Beyrouth n'est pas à vendre

Publié le 15-11-2020

de Anna Galvagno

Le 2 septembre, presque un mois après l'explosion du 4 août qui a anéanti le port de Beyrouth, dans un débat en ligne organisé par l'association locale Impact Liban, on parle d'inclusion sociale et planification urbaine. La question que les participants se posent est: quel principe doit suivre la reconstruction du port et du centre de Beyrouth?

Mes pensées se tournent vers 1990 : la reconstruction d'après-guerre civile s'est déroulée sous le signe d'une expropriation sauvage par la société immobilière Solidere. Le développement urbain néolibéral, soutenu par des institutions corrompues et sans un minimum de participation démocratique, a conduit à l'expulsion des petits propriétaires du centre et à la création d'un espace social exclusif, projeté vers le tourisme de luxe.

Il faut donc regarder cette reconstruction avec un nouveau regard . Comment intégrer la justice sociale, la réappropriation démocratique d'un espace qui retourne aux habitants, qui se vit?

Il faut garder à l’esprit que le paysage économique et politique libanais est très différent de celui des années 1990. Il n'y a pas de spéculation privée aussi forte, l'afflux de capitaux étrangers du passé fait défaut. Cela conduit à une plus grande mobilisation interne: de nombreuses ONG locales et syndicats de certaines professions, comme les architectes et les ingénieurs, ont pris des mesures pour briser le cercle de la reconstruction par le haut. Le réseau Beirut Urban Lab vise à impliquer même les catégories les plus vulnérables de la population, telles que les réfugiés palestiniens et syriens.

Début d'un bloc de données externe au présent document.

lemma hermitian_op_mtrace_mult_real:
  assumes A: "hermitian_op n A" and B: "hermitian_op n B"
  shows "Im (mtrace (A * B)) = 0"
proof -
  have carrier: "A \<in> carrier_mat (2^n) (2^n)" "B \<in> carrier_mat (2^n) (2^n)"
    using A B unfolding hermitian_op_def by blast+
  have tr: "mtrace (A * B) = (\<Sum>i<2^n. \<Sum>k<2^n. A $$ (i, k) * B $$ (k, i))"
    using carrier by (simp add: mtrace_def scalar_prod_def atLeast0LessThan)
  have "cnj (A $$ (i, k) * B $$ (k, i)) = A $$ (k, i) * B $$ (i, k)"
    if "i < 2^n" "k < 2^n" for i k
    using A B that unfolding hermitian_op_def by (metis complex_cnj_mult)
  then have "cnj (mtrace (A * B)) = (\<Sum>i<2^n. \<Sum>k<2^n. A $$ (k, i) * B $$ (i, k))"
    unfolding tr cnj_sum by (intro sum.cong refl) simp
  also have "\<dots> = mtrace (A * B)"
    unfolding tr by (subst sum.swap) (simp add: ac_simps)
  finally show ?thesis
    by (metis cnj.sel(2) neg_equal_zero)
qed

lemma sum_mult_cnj_eq_norm_sum:
  "(\<Sum>k<N. v $ k * cnj (v $ k)) = of_real (\<Sum>k<N. cmod (v $ k) ^ 2)"
  by (simp only: of_real_sum complex_norm_square)

lemma pure_state_carrier: "pure_state n \<rho> \<Longrightarrow> \<rho> \<in> carrier_mat (2^n) (2^n)"
  by (auto simp: pure_state_def)
lemma equioscillating_poly_extremal:
  fixes G p :: "real poly" and \<nu> :: "nat \<Rightarrow> real"
  assumes "1 \<le> t" "\<alpha> < \<beta>" "degree G \<le> t" "degree p \<le> t"
    and "poly G 0 = 0" "poly p 0 = 0" "0 < poly G \<beta>"
    and dec: "\<And>j k. j < k \<Longrightarrow> k < t \<Longrightarrow> \<nu> k < \<nu> j"
    and nodes: "\<And>k. k < t \<Longrightarrow> \<nu> k \<in> {0..\<alpha>}"
    and alt: "\<And>k. k < t \<Longrightarrow> poly G (\<nu> k) = (-1) ^ k * A"
    and bound: "\<And>x. x \<in> {0..\<alpha>} \<Longrightarrow> \<bar>poly p x\<bar> \<le> K"
  shows "\<bar>poly p \<beta>\<bar> * A \<le> K * poly G \<beta>"
proof (rule ccontr)
  assume "\<not> ?thesis"
  then have less: "K * poly G \<beta> < \<bar>poly p \<beta>\<bar> * A" by simp
  have "0 \<le> K" using bound[of 0] nodes[of 0] assms by auto
  then have "0 \<le> K * poly G \<beta>" using assms by simp
  then have p\<beta>: "poly p \<beta> \<noteq> 0" using less by auto
  define c where "c = poly G \<beta> / poly p \<beta>"
  define q where "q = G - smult c p"
  have small: "\<bar>c * poly p x\<bar> < A" if "x \<in> {0..\<alpha>}" for x
  proof -
    have "\<bar>c * poly p x\<bar> = poly G \<beta> * \<bar>poly p x\<bar> / \<bar>poly p \<beta>\<bar>"
      using assms by (simp add: c_def abs_mult)
    also have "\<dots> \<le> poly G \<beta> * K / \<bar>poly p \<beta>\<bar>"
      using bound that assms by (intro divide_right_mono mult_left_mono) auto
    also have "\<dots> < A" using less p\<beta> by (simp add: divide_less_eq mult.commute)
    finally show ?thesis .
  qed
  have sign: "0 < (-1) ^ k * poly q (\<nu> k)" if "k < t" for k
  proof -
    have "(-1) ^ k * poly q (\<nu> k) = A - (-1) ^ k * (c * poly p (\<nu> k))"
      using alt[OF that] by (simp add: q_def algebra_simps)
    moreover have "(-1) ^ k * (c * poly p (\<nu> k)) < A"
      using small[OF nodes[OF that]] by (cases "even k") auto
    ultimately show ?thesis by simp
  qed
  define S where "S = {x. \<nu> (t - 1) < x \<and> x < \<nu> 0 \<and> poly q x = 0}"
  have "t - 1 \<le> card S"
    unfolding S_def using card_roots_ge_of_alternating_signs dec sign by blast
  have "0 \<le> \<nu> (t - 1)" "0 \<le> \<nu> 0" "\<nu> 0 \<le> \<alpha>" using nodes \<open>1 \<le> t\<close> by auto
  then have "0 \<notin> insert \<beta> S" "\<beta> \<notin> S" using \<open>\<alpha> < \<beta>\<close> unfolding S_def by auto
  moreover have "q \<noteq> 0" using sign[of 0] assms by auto
  then have "finite {x. poly q x = 0}" by (rule poly_roots_finite)
  moreover have "insert 0 (insert \<beta> S) \<subseteq> {x. poly q x = 0}"
    using assms p\<beta> by (auto simp: S_def q_def c_def)
  ultimately have "card S + 2 \<le> card {x. poly q x = 0}"
    by (metis card_insert_disjoint card_mono finite_insert finite_subset add_2_eq_Suc')
  then have "t + 1 \<le> card {x. poly q x = 0}" using \<open>t - 1 \<le> card S\<close> by linarith
  also have "\<dots> \<le> degree q" by (rule card_poly_roots_bound[OF \<open>q \<noteq> 0\<close>])
  also have "\<dots> \<le> t"
    unfolding q_def using assms degree_smult_le[of c p] by (meson degree_diff_le le_trans)
  finally show False by simp
qed

lemma ratio_obj_eqI:
  assumes "a \<in> {0..\<alpha>}" "\<And>x. x \<in> {0..\<alpha>} \<Longrightarrow> \<bar>poly f x\<bar> \<le> \<bar>poly f a\<bar>"
    and "b \<in> {\<beta>..1}" "\<And>x. x \<in> {\<beta>..1} \<Longrightarrow> \<bar>poly f b\<bar> \<le> \<bar>poly f x\<bar>"
    and "poly f b \<noteq> 0"
  shows "ratio_obj \<alpha> \<beta> f = ereal (\<bar>poly f a\<bar> / \<bar>poly f b\<bar>)"
proof -
  have "Sup ((\<lambda>x. \<bar>poly f x\<bar>) ` {0..\<alpha>}) = \<bar>poly f a\<bar>"
    using assms(1,2) by (intro cSup_eq_maximum) auto
  moreover have "Inf ((\<lambda>x. \<bar>poly f x\<bar>) ` {\<beta>..1}) = \<bar>poly f b\<bar>"
    using assms(3,4) by (intro cInf_eq_minimum) auto
  ultimately show ?thesis using assms(5) by (simp add: ratio_obj_def)
qed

De plus, vous n’avez pas à tout faire vous-même . Il existe déjà des plans de reconstruction d'après-guerre qui sont inclusifs et raisonnés selon des principes non liés au profit. La reconstruction d'Alep, en Syrie, suit une méthodologie étudiée par les Nations Unies qui comprend des ateliers communautaires et inclusifs. C'est certainement un processus de reconstruction plus lent, car il ne repose pas sur le principe de la croissance économique, mais du développement humain et communautaire. Parallèlement à la colère, à la frustration et à la douleur, il existe un écosystème de changement au Liban. On le ressent déjà dans cette conférence qui se termine par deux points à résoudre.

D'une part, l'effort de la société civile ne suffit pas . Les institutions doivent redevenir les alliées du peuple libanais, à travers une nouvelle loi électorale et une réforme du système judiciaire. En revanche, même si l'on ne veut pas s'opposer a priori au capital privé, il est nécessaire de garder ces intérêts entièrement voués au profit de quelques-uns à l'écart du processus de reconstruction, et d'ouvrir la voie à des investisseurs ouverts à la confrontation avec les véritables protagonistes de la reconstruction: les habitants de Beyrouth.